_Exercise aim_
For every line in the records below that holds "blast", make a copy.

────────────────

lemma game_equiv_bypass_reversible_left:
  assumes x: "x |\<in>| L" and z: "z |\<in>| rights x" and z_le: "game_le z (Game L R)"
  shows "game_equiv (Game (L |-| {|x|} |\<union>| lefts z) R) (Game L R)"
proof -
  let ?G = "Game L R" and ?G' = "Game (L |-| {|x|} |\<union>| lefts z) R"
  have z_le': "game_le z ?G'"
  proof (subst game_le_iff, intro conjI allI impI)
    fix w assume "w |\<in>| lefts z"
    then show "\<not> game_le ?G' w" using not_le_left_option[of w ?G'] by simp
  next
    fix y assume "y |\<in>| rights ?G'"
    then show "\<not> game_le y z" using z_le game_le_trans not_le_right_option[of y ?G] by auto
  qed
  have "game_le ?G' ?G"
  proof (subst game_le_iff, intro conjI allI impI notI)
    fix w assume w: "w |\<in>| lefts ?G'" and le: "game_le ?G w"
    then have "w |\<in>| L \<or> w |\<in>| lefts z" by auto
    then show False
      using not_le_left_option[of w ?G] not_le_left_option[of w z] game_le_trans[OF z_le le] le
      by auto
  next
    fix y assume "y |\<in>| rights ?G" "game_le y ?G'"
    then show False using not_le_right_option[of y ?G'] by simp
  qed
  moreover have "game_le ?G ?G'"
  proof (subst game_le_iff, intro conjI allI impI notI)
    fix w assume w: "w |\<in>| lefts ?G" and le: "game_le ?G' w"
    show False
    proof (cases "w = x")
      case True
      with le z have "\<not> game_le z ?G'" by (auto simp: game_le_iff[of ?G' x])
      with z_le' show False by contradiction
    next
      case False
      with w le show False using not_le_left_option[of w ?G'] by simp
    qed
  next
    fix y assume "y |\<in>| rights ?G'" "game_le y ?G"
    then show False using not_le_right_option[of y ?G] by simp
  qed
  ultimately show ?thesis by (simp add: game_equiv_def)
qed

definition options_size :: "game fset \<Rightarrow> nat" where
  "options_size A = (\<Sum>y\<in>fset A. Suc (size y))"

lemma size_Game: "size (Game L R) = Suc (options_size L + options_size R)"
  by (simp add: options_size_def)

lemma options_size_fminus:
  "x |\<in>| A \<Longrightarrow> options_size A = Suc (size x) + options_size (A |-| {|x|})"
  unfolding options_size_def by (simp add: sum.remove)

lemma options_size_finsert_le: "options_size (finsert y A) \<le> Suc (size y) + options_size A"
  unfolding options_size_def by (simp add: sum.insert_if)

lemma options_size_funion_le: "options_size (A |\<union>| B) \<le> options_size A + options_size B"
  unfolding options_size_def by (simp add: sum_Un_nat)

lemma options_size_lefts_less: "options_size (lefts G) < size G"
  by (cases G) (simp add: options_size_def)

definition size_minimal :: "game \<Rightarrow> bool" where
  "size_minimal G \<longleftrightarrow> (\<forall>H. game_equiv H G \<longrightarrow> size G \<le> size H)"

lemma size_minimalD: "size_minimal G \<Longrightarrow> game_equiv H G \<Longrightarrow> size G \<le> size H"
  by (simp add: size_minimal_def)

lemma ex_size_minimal_equiv: "\<exists>K. size_minimal K \<and> game_equiv K G"
proof -
  obtain K where K: "game_equiv K G" and least: "\<And>H. game_equiv H G \<Longrightarrow> size K \<le> size H"
    using ex_has_least_nat[of "\<lambda>K. game_equiv K G" G size] by auto
  have "size_minimal K"
    unfolding size_minimal_def using K least game_equiv_trans by blast
  with K show ?thesis by blast
qed

lemma size_minimal_neg: "size_minimal G \<Longrightarrow> size_minimal (neg G)"
  unfolding size_minimal_def by (metis game_equiv_neg_iff size_neg)
(* Let $\alpha=3/4$. Every point $(x,y)\in[0,1]^2$ with $x+y=4/3$ satisfies $G_{3/4}(x,y)=(y,x)$, so each such point other than the fixed point $(2/3,2/3)$ is periodic with period $2$. Moreover, every point of $[0,1]^2$ other than $(0,0)$ is either periodic (with period $1$ or $2$), or eventually periodic, or its orbit is attracted to the line $x+y=4/3$, i.e. the distance from $G_{3/4}^n(x,y)$ to the line $\{x+y=4/3\}$ tends to $0$ as $n\to\infty$.
   Context: Let $\tau:[0,1]\to[0,1]$ be the symmetric tent map, $\tau(x)=2x$ for $0\le x<1/2$ and $\tau(x)=2-2x$ for $1/2\le x\le 1$. For $0<\alpha<1$ define $G_\alpha:[0,1]^2\to[0,1]^2$ by $G_\alpha(x,y)=(y,\tau(\alpha y+(1-\alpha)x))$. *)

theory Defs
  imports "HOL-Analysis.Analysis"
begin

definition tent :: "real \<Rightarrow> real" where
  "tent x = (if x < 1/2 then 2 * x else 2 - 2 * x)"

definition G :: "real \<Rightarrow> real \<times> real \<Rightarrow> real \<times> real" where
  "G \<alpha> p = (snd p, tent (\<alpha> * snd p + (1 - \<alpha>) * fst p))"

definition unit_square :: "(real \<times> real) set" where
  "unit_square = {0..1} \<times> {0..1}"

definition diag_line :: "(real \<times> real) set" where
  "diag_line = {(x, y). x + y = 4/3}"

end

theory Submission
  imports Defs
begin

────────────────

_Your solution_
    unfolding size_minimal_def using K least game_equiv_trans by blast
  with K show ?thesis by blast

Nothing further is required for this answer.